#### Answer

It would take 2.4 seconds to absorb the same amount of energy.

#### Work Step by Step

$U = I~A~t$
$U$ is energy
$I$ is intensity
$A$ is the area
$t$ is the time
Let $P$ be the power of the source. Let $I_1$ be the intensity when the panel is a distance of 1.00 AU from the source.

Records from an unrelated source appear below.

text \<open>Each vertex \<open>z \<noteq> r\<close> on \<open>r\<close>'s side of \<open>g\<close> is the far end of the last edge of the path from
  \<open>r\<close> to \<open>z\<close>; this injection shows that the side spans at least \<open>card side - 1\<close> edges.\<close>
lemma card_side_le:
  assumes g: "g \<in> E" and r: "r \<in> g"
  shows "card {z\<in>V. \<not> separates E g r z} \<le> card {f\<in>E - {g}. f \<subseteq> {z\<in>V. \<not> separates E g r z}} + 1"
proof -
  let ?R = "{z\<in>V. \<not> separates E g r z}"
  let ?last_edge = "\<lambda>z. {last (butlast (tree_path E r z)), z}"
  have rV: "r \<in> V" using edge_subset[OF g] r by blast
  have last_edge: "?last_edge z = {last ys, z}" if "tree_path E r z = ys @ [z]" for z ys
    using that by simp
  have "inj_on ?last_edge (V - {r})"
  proof (rule inj_onI)
    fix z z' assume z: "z \<in> V - {r}" and z': "z' \<in> V - {r}" and eq: "?last_edge z = ?last_edge z'"
    obtain ys where ys: "ys \<noteq> []" "tree_path E r z = ys @ [z]" "tree_path E r (last ys) = ys"
      using z by (elim DiffE) (rule tree_path_snoc[OF rV], simp_all)
    obtain ys' where ys': "ys' \<noteq> []" "tree_path E r z' = ys' @ [z']" "tree_path E r (last ys') = ys'"
      using z' by (elim DiffE) (rule tree_path_snoc[OF rV], simp_all)
    show "z = z'"
    proof (rule ccontr)
      assume ne: "z \<noteq> z'"
      then have "last ys = z'" "last ys' = z"
        using eq last_edge[OF ys(2)] last_edge[OF ys'(2)] by (auto simp: doubleton_eq_iff)
      then have "tree_path E r z = ys' @ [z', z]" using ys(2,3) ys'(2) by simp
      moreover have "z \<in> set ys'" using \<open>last ys' = z\<close> ys'(1) by auto
      ultimately show False using tree_path(1)[of r z] rV z by (simp add: simple_path_iff)
    qed
  qed
  then have inj: "inj_on ?last_edge (?R - {r})" by (rule inj_on_subset) auto
  have "?last_edge ` (?R - {r}) \<subseteq> {f\<in>E - {g}. f \<subseteq> ?R}"
  proof
    fix f assume "f \<in> ?last_edge ` (?R - {r})"
    then obtain z where z: "z \<in> V" "\<not> separates E g r z" "z \<noteq> r" "f = ?last_edge z" by blast
    obtain ys where ys: "ys \<noteq> []" "tree_path E r z = ys @ [z]" "tree_path E r (last ys) = ys" "last ys \<in> V"
      by (rule tree_path_snoc[OF rV z(1,3)])
    have f: "f = {last ys, z}" using z(4) last_edge[OF ys(2)] by simp
    have pe: "path_edges (tree_path E r z) = insert f (path_edges ys)"
      using ys(1,2) f by (simp add: path_edges_snoc)
    have "path_edges (tree_path E r z) \<subseteq> E" using tree_path(1)[OF rV z(1)] by (simp add: simple_path_iff)
    then have fE: "f \<in> E" using pe by blast
    have g_off: "g \<notin> insert f (path_edges ys)" using z(2) pe by (simp add: separates_def)
    then have "\<not> separates E g r (last ys)" using ys(3) by (simp add: separates_def)
    then show "f \<in> {f\<in>E - {g}. f \<subseteq> ?R}" using fE g_off z(1,2) ys(4) f by blast
  qed
  then have "card (?R - {r}) \<le> card {f\<in>E - {g}. f \<subseteq> ?R}"
    using inj finite_E by (intro card_inj_on_le) auto
  moreover have "r \<in> ?R" using rV by simp
  ultimately show ?thesis using finite_V by (simp add: card_Diff_singleton)
qed

lemma edge_within_side:
  assumes g: "g \<in> E" and sepA: "\<And>x y. x \<in> V \<Longrightarrow> y \<in> V \<Longrightarrow> separates E g x y \<longleftrightarrow> (x \<in> A \<longleftrightarrow> y \<notin> A)"
    and f: "f \<in> E - {g}"
  shows "f \<subseteq> A \<or> f \<subseteq> V - A"
proof -
  have "\<forall>p\<in>f. \<forall>q\<in>f. (p \<in> A \<longleftrightarrow> q \<in> A)"
    using not_separates_other_edge[OF g] sepA edge_subset f by blast
  then show ?thesis using f edge_subset by blast
qed

lemma edge_cut:
  assumes g: "g \<in> E"
  obtains A where "A \<subseteq> V" "\<And>x y. x \<in> V \<Longrightarrow> y \<in> V \<Longrightarrow> separates E g x y \<longleftrightarrow> (x \<in> A \<longleftrightarrow> y \<notin> A)"
    "card {f\<in>E - {g}. f \<subseteq> A} + 1 = card A" "card {f\<in>E - {g}. f \<subseteq> V - A} + 1 = card (V - A)"
proof -
  obtain a b where ab: "g = {a, b}" "a \<noteq> b" using g by (rule edgeE)
  have abV: "a \<in> V" "b \<in> V" using edge_subset[OF g] ab by auto
  define A where "A = {z\<in>V. \<not> separates E g a z}"
  have sab: "separates E g a b" using separates_edge_iff[of a b g] g ab by simp
  have AV: "A \<subseteq> V" by (auto simp: A_def)
  have sepA: "separates E g x y \<longleftrightarrow> (x \<in> A \<longleftrightarrow> y \<notin> A)" if "x \<in> V" "y \<in> V" for x y
    using separates_iff_xor[OF g that abV(1)] that by (auto simp: A_def)
  have B: "{z\<in>V. \<not> separates E g b z} = V - A"
    using separates_iff_xor[OF g abV(2) _ abV(1)] sab by (auto simp: A_def)
  let ?EA = "{f\<in>E - {g}. f \<subseteq> A}" and ?EB = "{f\<in>E - {g}. f \<subseteq> V - A}"
  \<comment> \<open>every other edge lies on one side, so the two sides together span \<open>card V - 2\<close> edges\<close>
  have "?EA \<union> ?EB = E - {g}" using edge_within_side[OF g sepA] by blast
  moreover have "?EA \<inter> ?EB = {}" using edge_nonempty by blast
  ultimately have "card ?EA + card ?EB = card (E - {g})"
    using finite_E by (metis (no_types, lifting) card_Un_disjoint finite_Diff finite_Un)
  also have "\<dots> + 2 = card V"
  proof -
    have "card E \<noteq> 0" using g finite_E by auto
    then show ?thesis using g card_E by (simp add: card_Diff_singleton)
  qed
  finally have sum: "card ?EA + card ?EB + 2 = card V" .
  have "card A \<le> card ?EA + 1" using card_side_le[OF g, of a] ab by (simp add: A_def)
  moreover have "card (V - A) \<le> card ?EB + 1" using card_side_le[OF g, of b] ab B by simp
  moreover have "card A + card (V - A) = card V"
    using AV finite_V by (metis card_Diff_subset card_mono le_add_diff_inverse rev_finite_subset)
  ultimately have "card ?EA + 1 = card A" "card ?EB + 1 = card (V - A)" using sum by linarith+
  with that AV sepA show ?thesis by blast
qed

definition middle_edge :: "'a set \<Rightarrow> 'a set set \<Rightarrow> bool" where
  "middle_edge g T \<longleftrightarrow> g \<in> T \<and> T \<subseteq> E \<and> card T = 3 \<and>
     (\<exists>f\<in>T. \<exists>h\<in>T. f \<noteq> g \<and> h \<noteq> g \<and> (\<forall>p\<in>f. \<forall>q\<in>h. separates E g p q))"

lemma middle_edge_iff_sides:
  assumes g: "g \<in> E" and A: "A \<subseteq> V"
    and sepA: "\<And>x y. x \<in> V \<Longrightarrow> y \<in> V \<Longrightarrow> separates E g x y \<longleftrightarrow> (x \<in> A \<longleftrightarrow> y \<notin> A)"
  shows "middle_edge g T \<longleftrightarrow>
    (\<exists>f h. f \<in> {f\<in>E - {g}. f \<subseteq> A} \<and> h \<in> {h\<in>E - {g}. h \<subseteq> V - A} \<and> T = {f, g, h})"
    (is "_ \<longleftrightarrow> (\<exists>f h. f \<in> ?EA \<and> h \<in> ?EB \<and> _)")
proof
  assume "middle_edge g T"
  then obtain f h where T: "g \<in> T" "T \<subseteq> E" "card T = 3" and fh: "f \<in> T" "h \<in> T" "f \<noteq> g" "h \<noteq> g"
    and sep: "\<forall>p\<in>f. \<forall>q\<in>h. separates E g p q"
    unfolding middle_edge_def by blast
  have fE: "f \<in> E - {g}" "h \<in> E - {g}" using fh T by auto
  obtain p q where pq: "p \<in> f" "q \<in> h" using edge_nonempty fE by blast
  have pqV: "p \<in> V" "q \<in> V" using pq fE edge_subset by blast+
  have "separates E g p q" using sep pq by blast
  then have p_q: "p \<in> A \<longleftrightarrow> q \<notin> A" using sepA[OF pqV] by simp
  have "f \<noteq> h"
  proof
    assume "f = h"
    then show False using not_separates_other_edge[OF g, of f p q] fE pq \<open>separates E g p q\<close> by blast
  qed
  then have T_eq: "T = {f, g, h}" using card_3_eq[OF T(3) fh(1) T(1) fh(2)] fh(3,4) by auto
  have f_side: "f \<subseteq> A \<or> f \<subseteq> V - A" and h_side: "h \<subseteq> A \<or> h \<subseteq> V - A"
    using edge_within_side[OF g sepA] fE by blast+
  show "\<exists>f h. f \<in> ?EA \<and> h \<in> ?EB \<and> T = {f, g, h}"
  proof (cases "p \<in> A")
    case True
    then have "f \<in> ?EA" "h \<in> ?EB" using f_side h_side fE pq p_q by blast+
    then show ?thesis using T_eq by blast
  next
    case False
    then have "h \<in> ?EA" "f \<in> ?EB" using f_side h_side fE pq p_q by blast+
    moreover have "T = {h, g, f}" using T_eq by auto
    ultimately show ?thesis by blast
  qed
next
  assume "\<exists>f h. f \<in> ?EA \<and> h \<in> ?EB \<and> T = {f, g, h}"
  then obtain f h where fh: "f \<in> ?EA" "h \<in> ?EB" and T: "T = {f, g, h}" by blast
  have "f \<noteq> h" "f \<noteq> g" "h \<noteq> g" using fh edge_nonempty by blast+
  moreover have "\<forall>p\<in>f. \<forall>q\<in>h. separates E g p q" using fh A sepA by blast
  ultimately show "middle_edge g T" unfolding middle_edge_def using fh g T by auto
qed

lemma card_middle_edge:
  assumes g: "g \<in> E" and A: "A \<subseteq> V"
    and sepA: "\<And>x y. x \<in> V \<Longrightarrow> y \<in> V \<Longrightarrow> separates E g x y \<longleftrightarrow> (x \<in> A \<longleftrightarrow> y \<notin> A)"
  shows "card {T. middle_edge g T} = card {f\<in>E - {g}. f \<subseteq> A} * card {h\<in>E - {g}. h \<subseteq> V - A}"
proof -
  let ?EA = "{f\<in>E - {g}. f \<subseteq> A}" and ?EB = "{h\<in>E - {g}. h \<subseteq> V - A}"
  let ?triple = "\<lambda>(f, h). {f, g, h}"
  have eq: "{T. middle_edge g T} = ?triple ` (?EA \<times> ?EB)"
    using middle_edge_iff_sides[OF assms] by (auto simp only: image_iff mem_Collect_eq)
  have "inj_on ?triple (?EA \<times> ?EB)"
  proof (rule inj_onI)
    fix x y assume x: "x \<in> ?EA \<times> ?EB" and y: "y \<in> ?EA \<times> ?EB" and xy: "?triple x = ?triple y"
    obtain f h f' h' where x_eq: "x = (f, h)" and y_eq: "y = (f', h')" by (cases x, cases y)
    have fh: "f \<in> ?EA" "h \<in> ?EB" "f' \<in> ?EA" "h' \<in> ?EB" using x y x_eq y_eq by auto
    have "f \<noteq> h'" "f' \<noteq> h" using fh edge_nonempty by blast+
    moreover have "f \<noteq> g" "h \<noteq> g" using fh(1,2) by blast+
    moreover have "f \<in> {f', g, h'}" "h \<in> {f', g, h'}" using xy x_eq y_eq by auto
    ultimately show "x = y" using x_eq y_eq by simp
  qed
  then show ?thesis unfolding eq by (simp add: card_image card_cartesian_product)
qed

lemma card_separated_pairs:
  assumes g: "g \<in> E"
  shows "card {(x, y). x \<in> V \<and> y \<in> V \<and> separates E g x y} = 2 * (card {T. middle_edge g T} + (card V - 1))"
proof -
  obtain A where A: "A \<subseteq> V" and sepA: "\<And>x y. x \<in> V \<Longrightarrow> y \<in> V \<Longrightarrow> separates E g x y \<longleftrightarrow> (x \<in> A \<longleftrightarrow> y \<notin> A)"
    and cA: "card {f\<in>E - {g}. f \<subseteq> A} + 1 = card A"
    and cB: "card {f\<in>E - {g}. f \<subseteq> V - A} + 1 = card (V - A)"
    using edge_cut[OF g] by blast
  have "{(x, y). x \<in> V \<and> y \<in> V \<and> separates E g x y} = A \<times> (V - A) \<union> (V - A) \<times> A"
    using sepA A by auto
  moreover have "card (A \<times> (V - A) \<union> (V - A) \<times> A) = 2 * (card A * card (V - A))"
    using finite_subset[OF A finite_V] finite_V by (subst card_Un_disjoint) (auto simp: card_cartesian_product)
  ultimately have pairs: "card {(x, y). x \<in> V \<and> y \<in> V \<and> separates E g x y} = 2 * (card A * card (V - A))"
    by simp
  have "card A + card (V - A) = card V"
    using A finite_V by (metis card_Diff_subset card_mono le_add_diff_inverse rev_finite_subset)
  then have "card V - 1 = card {f\<in>E - {g}. f \<subseteq> A} + card {f\<in>E - {g}. f \<subseteq> V - A} + 1"
    using cA cB by simp
  then show ?thesis
    using card_middle_edge[OF g A sepA] unfolding pairs cA[symmetric] cB[symmetric] by (simp add: algebra_simps)
qed

lemma tdist_eq_card_separating:
  assumes "p \<in> V" "q \<in> V"
  shows "tdist E p q = card {g\<in>E. separates E g p q}"
proof -
  have "path_edges (tree_path E p q) = {g\<in>E. separates E g p q}"
    using tree_path(1)[OF assms] by (auto simp: separates_def simple_path_iff)
  then show ?thesis using tdist_eq_card_tree_path[OF assms] by simp
qed

lemma sum_tdist_eq_sum_separated_pairs:
  "(\<Sum>p\<in>V. \<Sum>q\<in>V. tdist E p q) = (\<Sum>g\<in>E. card {(x, y). x \<in> V \<and> y \<in> V \<and> separates E g x y})"
proof -
  have "(\<Sum>p\<in>V. \<Sum>q\<in>V. tdist E p q) = (\<Sum>p\<in>V. \<Sum>q\<in>V. \<Sum>g\<in>E. if separates E g p q then 1 else 0)"
    using finite_E by (intro sum.cong refl) (simp add: tdist_eq_card_separating flip: sum.inter_filter)
  also have "\<dots> = (\<Sum>p\<in>V. \<Sum>g\<in>E. \<Sum>q\<in>V. if separates E g p q then 1 else 0)"
    by (intro sum.cong refl sum.swap)
  also have "\<dots> = (\<Sum>g\<in>E. \<Sum>p\<in>V. \<Sum>q\<in>V. if separates E g p q then 1 else 0)"
    by (rule sum.swap)
  also have "\<dots> = (\<Sum>g\<in>E. card {(x, y). x \<in> V \<and> y \<in> V \<and> separates E g x y})"
    using double_sum_indicator_eq_card[OF finite_V] by simp
  finally show ?thesis .
qed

We can find an expression for $I_1$:
$I_1 = \frac{P}{4\pi (1.00~AU)^2}$
$I_1 = 0.07958~P$
We can find an expression for $I_2$:
$I_2 = \frac{P}{4\pi (1.55~AU)^2}$
$I_2 = 0.03312~P$
We can write an expression for the energy collected by the first panel:
$U = I_1~A~t_1$
We can write an expression for the energy collected by the second panel:
$U = I_2~A~t_2$
Since the energy should be equal, we can equate the two expressions to find $t_2$:
$I_2~A~t_2 = I_1~A~t_1$
$t_2 = \frac{I_1~t_1}{I_2}$
$t_2 = \frac{(0.07958~P)(1~s)}{0.03312~P}$
$t_2 = 2.4~s$
It would take 2.4 seconds to absorb the same amount of energy.